The lines from the top of the records below through the one containing "closed[OF Umax(1) U])" are to be transcribed exactly, and nothing else is to be added.
================
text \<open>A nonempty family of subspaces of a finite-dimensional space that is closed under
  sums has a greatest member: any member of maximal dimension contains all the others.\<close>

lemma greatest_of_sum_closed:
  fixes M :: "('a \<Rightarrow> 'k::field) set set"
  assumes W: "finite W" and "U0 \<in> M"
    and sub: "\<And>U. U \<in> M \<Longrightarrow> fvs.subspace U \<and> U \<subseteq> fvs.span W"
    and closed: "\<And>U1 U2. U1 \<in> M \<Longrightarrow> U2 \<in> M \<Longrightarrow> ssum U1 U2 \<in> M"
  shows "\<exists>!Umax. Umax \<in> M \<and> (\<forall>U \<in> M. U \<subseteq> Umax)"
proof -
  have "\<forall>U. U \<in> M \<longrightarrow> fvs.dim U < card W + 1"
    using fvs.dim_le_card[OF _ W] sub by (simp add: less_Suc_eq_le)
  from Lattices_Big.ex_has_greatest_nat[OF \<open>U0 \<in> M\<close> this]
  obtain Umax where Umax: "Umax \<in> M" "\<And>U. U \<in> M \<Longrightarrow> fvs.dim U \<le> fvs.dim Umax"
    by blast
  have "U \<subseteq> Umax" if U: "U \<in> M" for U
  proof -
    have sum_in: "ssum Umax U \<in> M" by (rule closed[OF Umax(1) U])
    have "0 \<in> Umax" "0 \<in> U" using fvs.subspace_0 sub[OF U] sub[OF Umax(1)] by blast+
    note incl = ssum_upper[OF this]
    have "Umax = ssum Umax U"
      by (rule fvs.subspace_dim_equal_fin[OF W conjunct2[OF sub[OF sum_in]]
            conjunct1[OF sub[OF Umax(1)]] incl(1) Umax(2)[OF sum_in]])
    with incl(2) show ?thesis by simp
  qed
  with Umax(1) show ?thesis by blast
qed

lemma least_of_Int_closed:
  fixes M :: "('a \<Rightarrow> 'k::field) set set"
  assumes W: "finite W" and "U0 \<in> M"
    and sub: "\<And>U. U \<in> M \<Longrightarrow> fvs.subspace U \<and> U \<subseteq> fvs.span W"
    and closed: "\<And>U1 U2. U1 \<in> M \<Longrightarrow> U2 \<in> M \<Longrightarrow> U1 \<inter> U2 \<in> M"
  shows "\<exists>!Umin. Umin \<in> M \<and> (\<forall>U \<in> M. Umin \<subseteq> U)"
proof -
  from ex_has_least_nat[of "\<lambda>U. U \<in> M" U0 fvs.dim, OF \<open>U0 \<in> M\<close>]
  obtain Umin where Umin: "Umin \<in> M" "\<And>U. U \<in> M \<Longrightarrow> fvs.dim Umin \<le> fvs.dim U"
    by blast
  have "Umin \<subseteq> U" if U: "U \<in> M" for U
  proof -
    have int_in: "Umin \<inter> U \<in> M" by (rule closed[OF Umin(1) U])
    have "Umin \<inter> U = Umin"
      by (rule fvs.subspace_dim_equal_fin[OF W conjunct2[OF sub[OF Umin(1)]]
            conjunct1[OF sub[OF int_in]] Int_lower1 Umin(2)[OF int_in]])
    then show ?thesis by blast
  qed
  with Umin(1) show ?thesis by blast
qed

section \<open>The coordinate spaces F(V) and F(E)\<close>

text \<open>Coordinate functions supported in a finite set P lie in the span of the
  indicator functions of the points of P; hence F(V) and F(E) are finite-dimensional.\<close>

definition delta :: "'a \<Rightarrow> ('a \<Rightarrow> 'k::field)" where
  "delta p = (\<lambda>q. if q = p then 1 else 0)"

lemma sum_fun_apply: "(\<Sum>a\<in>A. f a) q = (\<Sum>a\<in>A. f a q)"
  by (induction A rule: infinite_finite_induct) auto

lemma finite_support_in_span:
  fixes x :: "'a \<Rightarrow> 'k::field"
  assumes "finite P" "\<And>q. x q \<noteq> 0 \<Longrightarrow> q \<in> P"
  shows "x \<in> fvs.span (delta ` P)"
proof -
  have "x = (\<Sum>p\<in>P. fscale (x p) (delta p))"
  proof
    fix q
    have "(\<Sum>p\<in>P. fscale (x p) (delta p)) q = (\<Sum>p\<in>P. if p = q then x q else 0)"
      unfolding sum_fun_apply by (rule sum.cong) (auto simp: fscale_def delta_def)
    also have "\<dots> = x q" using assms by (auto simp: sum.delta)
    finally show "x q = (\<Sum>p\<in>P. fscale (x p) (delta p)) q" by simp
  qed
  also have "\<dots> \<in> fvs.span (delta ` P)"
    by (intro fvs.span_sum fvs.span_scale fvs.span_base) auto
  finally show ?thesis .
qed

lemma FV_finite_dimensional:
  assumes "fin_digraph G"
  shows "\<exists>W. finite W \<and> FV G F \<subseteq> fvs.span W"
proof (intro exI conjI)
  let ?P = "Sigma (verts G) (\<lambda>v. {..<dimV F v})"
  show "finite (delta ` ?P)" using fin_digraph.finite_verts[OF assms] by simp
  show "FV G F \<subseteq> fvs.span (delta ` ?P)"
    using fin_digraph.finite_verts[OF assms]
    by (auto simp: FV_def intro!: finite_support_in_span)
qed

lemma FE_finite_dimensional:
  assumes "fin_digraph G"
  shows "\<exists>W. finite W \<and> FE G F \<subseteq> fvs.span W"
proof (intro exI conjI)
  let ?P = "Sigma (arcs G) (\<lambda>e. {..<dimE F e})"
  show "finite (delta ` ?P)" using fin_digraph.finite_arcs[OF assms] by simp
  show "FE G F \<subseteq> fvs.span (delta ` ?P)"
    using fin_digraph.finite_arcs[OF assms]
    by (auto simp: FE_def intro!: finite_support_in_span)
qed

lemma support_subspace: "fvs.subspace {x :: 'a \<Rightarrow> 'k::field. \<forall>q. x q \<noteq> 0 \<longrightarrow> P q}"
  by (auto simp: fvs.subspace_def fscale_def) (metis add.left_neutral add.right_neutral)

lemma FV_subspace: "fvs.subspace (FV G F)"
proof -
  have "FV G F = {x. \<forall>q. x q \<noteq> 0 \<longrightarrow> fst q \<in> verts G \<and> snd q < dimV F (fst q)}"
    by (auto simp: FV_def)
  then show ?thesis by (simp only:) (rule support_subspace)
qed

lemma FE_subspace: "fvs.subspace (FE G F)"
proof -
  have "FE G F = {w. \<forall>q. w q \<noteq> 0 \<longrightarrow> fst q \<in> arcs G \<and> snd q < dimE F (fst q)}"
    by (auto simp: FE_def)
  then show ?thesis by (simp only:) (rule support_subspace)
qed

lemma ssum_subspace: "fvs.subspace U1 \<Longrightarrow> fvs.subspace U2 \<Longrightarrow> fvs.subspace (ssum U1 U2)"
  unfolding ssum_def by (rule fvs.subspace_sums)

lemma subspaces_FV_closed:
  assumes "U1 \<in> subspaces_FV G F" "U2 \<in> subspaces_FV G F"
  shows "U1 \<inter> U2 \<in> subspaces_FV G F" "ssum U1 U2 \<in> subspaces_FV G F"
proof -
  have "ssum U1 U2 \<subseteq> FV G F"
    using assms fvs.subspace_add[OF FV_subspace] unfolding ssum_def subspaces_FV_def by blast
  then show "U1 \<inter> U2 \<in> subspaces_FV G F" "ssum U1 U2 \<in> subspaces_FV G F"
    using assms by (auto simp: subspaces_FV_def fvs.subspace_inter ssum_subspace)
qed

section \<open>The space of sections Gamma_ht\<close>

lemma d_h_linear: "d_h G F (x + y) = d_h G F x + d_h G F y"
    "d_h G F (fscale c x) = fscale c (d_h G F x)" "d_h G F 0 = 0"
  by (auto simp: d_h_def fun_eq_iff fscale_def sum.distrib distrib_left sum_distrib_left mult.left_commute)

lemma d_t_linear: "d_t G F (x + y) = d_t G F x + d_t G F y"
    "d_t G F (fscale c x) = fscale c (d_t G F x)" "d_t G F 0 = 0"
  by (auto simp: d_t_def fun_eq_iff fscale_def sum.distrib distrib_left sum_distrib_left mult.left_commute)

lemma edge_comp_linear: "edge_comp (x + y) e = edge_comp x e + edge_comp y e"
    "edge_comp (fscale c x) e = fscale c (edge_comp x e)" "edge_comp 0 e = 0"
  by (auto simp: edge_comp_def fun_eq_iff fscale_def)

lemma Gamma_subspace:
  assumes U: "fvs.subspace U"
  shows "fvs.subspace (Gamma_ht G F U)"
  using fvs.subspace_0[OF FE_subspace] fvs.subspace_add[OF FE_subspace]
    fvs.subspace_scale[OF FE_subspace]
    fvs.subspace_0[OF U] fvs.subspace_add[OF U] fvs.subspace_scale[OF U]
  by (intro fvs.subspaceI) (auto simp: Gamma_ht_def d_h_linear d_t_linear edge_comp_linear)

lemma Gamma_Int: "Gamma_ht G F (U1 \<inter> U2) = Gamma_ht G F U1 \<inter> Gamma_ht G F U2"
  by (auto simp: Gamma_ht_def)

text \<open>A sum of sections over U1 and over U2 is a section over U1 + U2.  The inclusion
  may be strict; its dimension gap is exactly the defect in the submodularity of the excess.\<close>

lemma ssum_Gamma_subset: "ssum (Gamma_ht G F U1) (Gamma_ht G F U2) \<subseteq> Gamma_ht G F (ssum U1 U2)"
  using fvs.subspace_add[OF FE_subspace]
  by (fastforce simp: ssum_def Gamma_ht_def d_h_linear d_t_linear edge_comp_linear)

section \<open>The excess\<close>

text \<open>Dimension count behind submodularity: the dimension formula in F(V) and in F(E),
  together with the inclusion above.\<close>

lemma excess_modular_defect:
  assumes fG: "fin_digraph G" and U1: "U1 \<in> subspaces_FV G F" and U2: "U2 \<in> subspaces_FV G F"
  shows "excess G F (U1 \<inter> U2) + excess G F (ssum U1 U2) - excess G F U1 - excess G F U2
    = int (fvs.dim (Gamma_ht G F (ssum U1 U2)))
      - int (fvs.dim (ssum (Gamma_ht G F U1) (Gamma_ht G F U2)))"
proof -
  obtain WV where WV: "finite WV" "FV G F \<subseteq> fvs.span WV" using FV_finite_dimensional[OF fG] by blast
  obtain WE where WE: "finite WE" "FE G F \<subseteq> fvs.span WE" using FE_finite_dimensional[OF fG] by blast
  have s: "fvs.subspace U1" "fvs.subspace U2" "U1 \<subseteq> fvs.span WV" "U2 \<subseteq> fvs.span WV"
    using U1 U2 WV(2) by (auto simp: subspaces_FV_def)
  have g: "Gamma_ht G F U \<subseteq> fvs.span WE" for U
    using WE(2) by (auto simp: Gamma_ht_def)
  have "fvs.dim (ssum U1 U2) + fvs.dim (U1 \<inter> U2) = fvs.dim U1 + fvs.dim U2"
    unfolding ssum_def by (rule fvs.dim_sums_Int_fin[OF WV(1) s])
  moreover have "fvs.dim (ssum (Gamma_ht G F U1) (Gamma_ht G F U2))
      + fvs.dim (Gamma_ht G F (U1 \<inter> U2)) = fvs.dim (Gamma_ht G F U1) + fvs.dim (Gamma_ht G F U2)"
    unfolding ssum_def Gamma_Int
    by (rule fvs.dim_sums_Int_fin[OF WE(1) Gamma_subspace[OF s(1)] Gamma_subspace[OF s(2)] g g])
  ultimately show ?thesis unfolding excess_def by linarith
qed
================
THE COMPLETED TASK →
text \<open>A nonempty family of subspaces of a finite-dimensional space that is closed under
  sums has a greatest member: any member of maximal dimension contains all the others.\<close>

lemma greatest_of_sum_closed:
  fixes M :: "('a \<Rightarrow> 'k::field) set set"
  assumes W: "finite W" and "U0 \<in> M"
    and sub: "\<And>U. U \<in> M \<Longrightarrow> fvs.subspace U \<and> U \<subseteq> fvs.span W"
    and closed: "\<And>U1 U2. U1 \<in> M \<Longrightarrow> U2 \<in> M \<Longrightarrow> ssum U1 U2 \<in> M"
  shows "\<exists>!Umax. Umax \<in> M \<and> (\<forall>U \<in> M. U \<subseteq> Umax)"
proof -
  have "\<forall>U. U \<in> M \<longrightarrow> fvs.dim U < card W + 1"
    using fvs.dim_le_card[OF _ W] sub by (simp add: less_Suc_eq_le)
  from Lattices_Big.ex_has_greatest_nat[OF \<open>U0 \<in> M\<close> this]
  obtain Umax where Umax: "Umax \<in> M" "\<And>U. U \<in> M \<Longrightarrow> fvs.dim U \<le> fvs.dim Umax"
    by blast
  have "U \<subseteq> Umax" if U: "U \<in> M" for U
  proof -
    have sum_in: "ssum Umax U \<in> M" by (rule closed[OF Umax(1) U])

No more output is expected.